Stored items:
(* Let $L=\mathbb Z^2$ with $B(x,y)=x\begin{pmatrix}2&1\\1&8\end{pmatrix}y^T$, $Q(x)=\frac12B(x,x)$, and for $\alpha,\beta\in\mathbb Q^2$ put $\theta_{\alpha,\beta}(\tau,z)=\sum_{v\in\mathbb Z^2}e(B(\beta,v))\,e(\tau Q(\alpha+v)+B(\alpha+v,z))$ on $\mathbb H\times\mathbb C^2$. Then the 25 functions $\theta_{\alpha,\beta}^5$ with $\alpha\in\{(0,0),(\frac15,\frac35),(\frac25,\frac15),(\frac35,\frac45),(\frac45,\frac25)\}$ and $\beta\in\{(\frac j5,0):j=0,1,2,3,4\}$ are $\mathbb C$-linearly independent.
   Context: $e(x)=\exp(2\pi ix)$, $\mathbb H$ the upper half plane; $B$ is extended bilinearly to $\mathbb C^2$. *)

theory Defs
  imports "HOL-Analysis.Analysis"
begin

definition e :: "complex \<Rightarrow> complex" where
  "e x = exp (2 * of_real pi * \<i> * x)"

definition B :: "complex \<times> complex \<Rightarrow> complex \<times> complex \<Rightarrow> complex" where
  "B x y = 2 * fst x * fst y + fst x * snd y + snd x * fst y + 8 * snd x * snd y"

definition Q :: "complex \<times> complex \<Rightarrow> complex" where
  "Q x = B x x / 2"

definition ratv :: "rat \<times> rat \<Rightarrow> complex \<times> complex" where
  "ratv a = (of_rat (fst a), of_rat (snd a))"

definition intv :: "int \<times> int \<Rightarrow> complex \<times> complex" where
  "intv v = (of_int (fst v), of_int (snd v))"

text \<open>theta_{alpha,beta}(tau,z) = sum over v in Z^2 (absolutely convergent on H x C^2).\<close>
definition theta :: "rat \<times> rat \<Rightarrow> rat \<times> rat \<Rightarrow> complex \<Rightarrow> complex \<times> complex \<Rightarrow> complex" where
  "theta \<alpha> \<beta> \<tau> z =
     (\<Sum>\<^sub>\<infinity>v\<in>(UNIV :: (int \<times> int) set).
        e (B (ratv \<beta>) (intv v)) * e (\<tau> * Q (ratv \<alpha> + intv v) + B (ratv \<alpha> + intv v) z))"

definition alphas :: "nat \<Rightarrow> rat \<times> rat" where
  "alphas k = [(0, 0), (1/5, 3/5), (2/5, 1/5), (3/5, 4/5), (4/5, 2/5)] ! k"

definition betas :: "nat \<Rightarrow> rat \<times> rat" where
  "betas j = (of_nat j / 5, 0)"

end

theory Submission
  imports Defs
begin

text \<open>
  Restrict to \<tau> = i t and z = l - i t y with y, l real. Completing the square, the theta
  function with characteristics (\<alpha>, \<beta>) times exp (- 2 \<pi> t Q y) is a sum of unimodular
  phases times exp (- 2 \<pi> t Q (\<alpha> + v - y)) over v in Z^2, so as t \<rightarrow> \<infinity> each fifth power is
  governed by the points of \<alpha> + Z^2 nearest to y, and in a vanishing linear combination the
  coefficient of the slowest exponential must vanish. Taking y = \<alpha>_k isolates the k-th row and
  gives \<Sum>_j c_kj = 0. Taking y = \<alpha>_k + (1/2, 0) makes \<alpha>_k and \<alpha>_k + (1, 0) the two nearest
  points; every other row either decays faster or has a leading term independent of j, which
  cancels by the first step. What remains is \<Sum>_j c_kj (1 + \<zeta>^j \<mu>)^5 = 0 with \<zeta> = e(2/5) for
  all \<mu> on the unit circle; comparing coefficients of \<mu> and inverting the discrete Fourier
  transform gives c_kj = 0.
\<close>

section \<open>The quadratic form and embeddings\<close>

definition of_rat2 :: "rat \<times> rat \<Rightarrow> real \<times> real" where
  "of_rat2 a = (of_rat (fst a), of_rat (snd a))"

definition of_int2 :: "int \<times> int \<Rightarrow> real \<times> real" where
  "of_int2 v = (of_int (fst v), of_int (snd v))"

definition of_real2 :: "real \<times> real \<Rightarrow> complex \<times> complex" where
  "of_real2 p = (of_real (fst p), of_real (snd p))"

definition B_real :: "real \<times> real \<Rightarrow> real \<times> real \<Rightarrow> real" where
  "B_real x y = 2 * fst x * fst y + fst x * snd y + snd x * fst y + 8 * snd x * snd y"

definition Q_real :: "real \<times> real \<Rightarrow> real" where
  "Q_real p = fst p ^ 2 + fst p * snd p + 4 * snd p ^ 2"

lemma ratv_eq_of_real2: "ratv a = of_real2 (of_rat2 a)"
proof -
  have "(of_rat q :: complex) = of_real (of_rat q)" for q
    by (cases q) (simp add: of_rat_rat)
  then show ?thesis
    by (simp add: ratv_def of_rat2_def of_real2_def)
qed

lemma intv_eq_of_real2: "intv v = of_real2 (of_int2 v)"
  by (simp add: intv_def of_int2_def of_real2_def)

lemma B_of_real2: "B (of_real2 x) (of_real2 y) = of_real (B_real x y)"
  by (simp add: B_def B_real_def of_real2_def)

lemma Q_real_sum_squares_le: "fst p ^ 2 + snd p ^ 2 \<le> 2 * Q_real p"
proof -
  have "2 * Q_real p = fst p ^ 2 + snd p ^ 2 + (fst p + snd p) ^ 2 + 6 * snd p ^ 2"
    by (simp add: Q_real_def power2_eq_square algebra_simps)
  then show ?thesis
    by (smt (verit) zero_le_power2)
qed

lemma Q_real_nonneg: "0 \<le> Q_real p"
  using Q_real_sum_squares_le[of p] by (smt (verit) zero_le_power2)

lemma four_Q_real: "4 * Q_real p = (2 * fst p + snd p) ^ 2 + 15 * snd p ^ 2"
  by (simp add: Q_real_def power2_eq_square algebra_simps)

lemma twenty_Q_real: "20 * Q_real p = 5 * (2 * fst p + snd p) ^ 2 + 75 * snd p ^ 2"
  by (simp add: Q_real_def power2_eq_square algebra_simps)

lemma Q_real_of_int2_lt_1_iff: "Q_real (of_int2 v) < 1 \<longleftrightarrow> v = (0, 0)"
proof
  obtain a b where v: "v = (a, b)"
    by fastforce
  assume "Q_real (of_int2 v) < 1"
  moreover have "of_int ((2 * a + b) ^ 2 + 15 * b ^ 2) = 4 * Q_real (of_int2 v)"
    by (simp add: four_Q_real v of_int2_def)
  ultimately have "real_of_int ((2 * a + b) ^ 2 + 15 * b ^ 2) < 4"
    by linarith
  then have "(2 * a + b) ^ 2 + 15 * b ^ 2 < 4"
    by (simp only: of_int_less_numeral_iff)
  then have "b = 0"
    using zero_le_power2[of "2 * a + b"] power2_less_eq_zero_iff[of b] by fastforce
  then show "v = (0, 0)"
    using \<open>(2 * a + b) ^ 2 + 15 * b ^ 2 < 4\<close> abs_le_square_iff[of 1 a] by (auto simp: v)
qed (simp add: Q_real_def of_int2_def)

lemma Q_real_of_int2_half_shift_lt_iff:
  "Q_real (of_int2 v - (1 / 2, 0)) < 9 / 4 \<longleftrightarrow> v \<in> {(0, 0), (1, 0)}"
proof
  obtain a b where v: "v = (a, b)"
    by fastforce
  assume "Q_real (of_int2 v - (1 / 2, 0)) < 9 / 4"
  moreover have "of_int ((2 * a - 1 + b) ^ 2 + 15 * b ^ 2) = 4 * Q_real (of_int2 v - (1 / 2, 0))"
    by (simp add: four_Q_real v of_int2_def)
  ultimately have "real_of_int ((2 * a - 1 + b) ^ 2 + 15 * b ^ 2) < 9"
    by linarith
  then have small: "(2 * a - 1 + b) ^ 2 + 15 * b ^ 2 < 9"
    by (simp only: of_int_less_numeral_iff)
  then have "b = 0"
    using zero_le_power2[of "2 * a - 1 + b"] power2_less_eq_zero_iff[of b] by fastforce
  then have "\<bar>2 * a - 1\<bar> < 3"
    using small abs_le_square_iff[of 3 "2 * a - 1"] by simp
  then show "v \<in> {(0, 0), (1, 0)}"
    using \<open>b = 0\<close> by (auto simp: v)
qed (auto simp: Q_real_def of_int2_def power2_eq_square)

lemma Q_real_of_int2_half_shift_ge: "1 / 4 \<le> Q_real (of_int2 v - (1 / 2, 0))"
  using Q_real_of_int2_half_shift_lt_iff[of v]
  by (cases "v \<in> {(0, 0), (1, 0)}") (auto simp: Q_real_def of_int2_def power2_eq_square)

section \<open>Gaussian lattice sums\<close>

lemma summable_on_exp_neg_abs_int:
  fixes a :: real
  assumes "a > 0"
  shows "(\<lambda>n::int. exp (- a * \<bar>of_int n\<bar>)) summable_on UNIV"
proof -
  let ?f = "\<lambda>n::int. exp (- a * \<bar>of_int n\<bar>)"
  have geom: "summable (\<lambda>n. exp (- a) ^ n)"
    by (rule summable_geometric) (use assms in simp)
  have UNIV_int: "(UNIV :: int set) = range int \<union> range (\<lambda>n. - int (Suc n))"
  proof -
    have "x \<in> range int \<union> range (\<lambda>n. - int (Suc n))" for x :: int
    proof (cases "x \<ge> 0")
      case True
      then show ?thesis by (metis UnI1 nonneg_int_cases rangeI)
    next
      case False
      then have "x = - int (Suc (nat (- x - 1)))" by simp
      then show ?thesis by blast
    qed
    then show ?thesis by blast
  qed
  have "(?f \<circ> int) summable_on UNIV"
  proof -
    have "?f \<circ> int = (\<lambda>n. exp (- a) ^ n)"
      by (auto simp: fun_eq_iff simp flip: exp_of_nat_mult)
    then show ?thesis
      using geom by (simp add: summable_on_UNIV_nonneg_real_iff)
  qed
  then have nonneg: "?f summable_on range int"
    by (subst summable_on_reindex) auto
  have "(?f \<circ> (\<lambda>n. - int (Suc n))) summable_on UNIV"
  proof -
    have "?f \<circ> (\<lambda>n. - int (Suc n)) = (\<lambda>n. exp (- a) * exp (- a) ^ n)"
      by (auto simp: fun_eq_iff algebra_simps simp flip: exp_of_nat_mult exp_add)
    then show ?thesis
      using geom by (simp add: summable_on_UNIV_nonneg_real_iff summable_mult)
  qed
  then have neg: "?f summable_on range (\<lambda>n. - int (Suc n))"
    by (subst summable_on_reindex) (auto simp: inj_on_def)
  show ?thesis
    unfolding UNIV_int by (rule summable_on_Un_disjoint[OF nonneg neg]) auto
qed

lemma summable_on_exp_neg_abs_int2:
  fixes a :: real
  assumes "a > 0"
  shows "(\<lambda>v::int \<times> int. exp (- a * \<bar>of_int (fst v)\<bar>) * exp (- a * \<bar>of_int (snd v)\<bar>))
           summable_on UNIV"
proof -
  define f where "f n = exp (- a * \<bar>of_int n\<bar>)" for n :: int
  have f: "f summable_on UNIV"
    unfolding f_def using assms by (rule summable_on_exp_neg_abs_int)
  have "(\<lambda>v. f (fst v) * f (snd v)) summable_on Sigma UNIV (\<lambda>_. UNIV)"
  proof (rule summable_on_SigmaI[where g = "\<lambda>x. f x * infsum f UNIV"])
    show "((\<lambda>y. f (fst (x, y)) * f (snd (x, y))) has_sum f x * infsum f UNIV) UNIV" for x
      using f by (simp add: has_sum_cmult_right)
    show "(\<lambda>x. f x * infsum f UNIV) summable_on UNIV"
      using f by (rule summable_on_cmult_left)
  qed (simp add: f_def)
  then show ?thesis
    by (simp add: f_def)
qed

lemma summable_on_exp_Q_real:
  "(\<lambda>v. exp (- 2 * pi * Q_real (of_int2 v + c))) summable_on UNIV"
proof -
  define K where "K = exp (pi * (\<bar>fst c\<bar> + \<bar>snd c\<bar>) + pi / 2)"
  have sq_ge_abs: "\<bar>x\<bar> - 1 / 4 \<le> x ^ 2" for x :: real
    using zero_le_power2[of "\<bar>x\<bar> - 1 / 2"] by (simp add: power2_eq_square algebra_simps)
  have bound: "exp (- 2 * pi * Q_real (of_int2 v + c))
                 \<le> K * (exp (- pi * \<bar>of_int (fst v)\<bar>) * exp (- pi * \<bar>of_int (snd v)\<bar>))" for v
  proof -
    define p1 where "p1 = of_int (fst v) + fst c"
    define p2 where "p2 = of_int (snd v) + snd c"
    have "p1 ^ 2 + p2 ^ 2 \<le> 2 * Q_real (of_int2 v + c)"
      using Q_real_sum_squares_le[of "of_int2 v + c"] by (simp add: of_int2_def p1_def p2_def)
    moreover have "\<bar>of_int (fst v)\<bar> - \<bar>fst c\<bar> \<le> \<bar>p1\<bar>" "\<bar>of_int (snd v)\<bar> - \<bar>snd c\<bar> \<le> \<bar>p2\<bar>"
      unfolding p1_def p2_def by linarith+
    ultimately have "\<bar>of_int (fst v)\<bar> + \<bar>of_int (snd v)\<bar> - (\<bar>fst c\<bar> + \<bar>snd c\<bar>) - 1 / 2
                       \<le> 2 * Q_real (of_int2 v + c)"
      using sq_ge_abs[of p1] sq_ge_abs[of p2] by linarith
    then have "- 2 * pi * Q_real (of_int2 v + c)
                 \<le> (pi * (\<bar>fst c\<bar> + \<bar>snd c\<bar>) + pi / 2) + - pi * \<bar>of_int (fst v)\<bar> + - pi * \<bar>of_int (snd v)\<bar>"
      using mult_left_mono[OF _ pi_ge_zero] by (fastforce simp: algebra_simps)
    then show ?thesis
      by (simp add: K_def flip: exp_add)
  qed
  have "(\<lambda>v::int \<times> int. K * (exp (- pi * \<bar>of_int (fst v)\<bar>) * exp (- pi * \<bar>of_int (snd v)\<bar>)))
          summable_on UNIV"
    by (intro summable_on_cmult_right summable_on_exp_neg_abs_int2) simp
  then show ?thesis
    by (rule summable_on_comparison_test[OF _ bound]) simp
qed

EXERCISE REQUIREMENTS:
Given the records above, reproduce precisely and only the lines between the line holding "int (Suc (nat" and the line holding "by (auto simp: fun_eq_iff simp", inclusive.

OUTPUT OF THE TASK:
      then have "x = - int (Suc (nat (- x - 1)))" by simp
      then show ?thesis by blast
    qed
    then show ?thesis by blast
  qed
  have "(?f \<circ> int) summable_on UNIV"
  proof -
    have "?f \<circ> int = (\<lambda>n. exp (- a) ^ n)"
      by (auto simp: fun_eq_iff simp flip: exp_of_nat_mult)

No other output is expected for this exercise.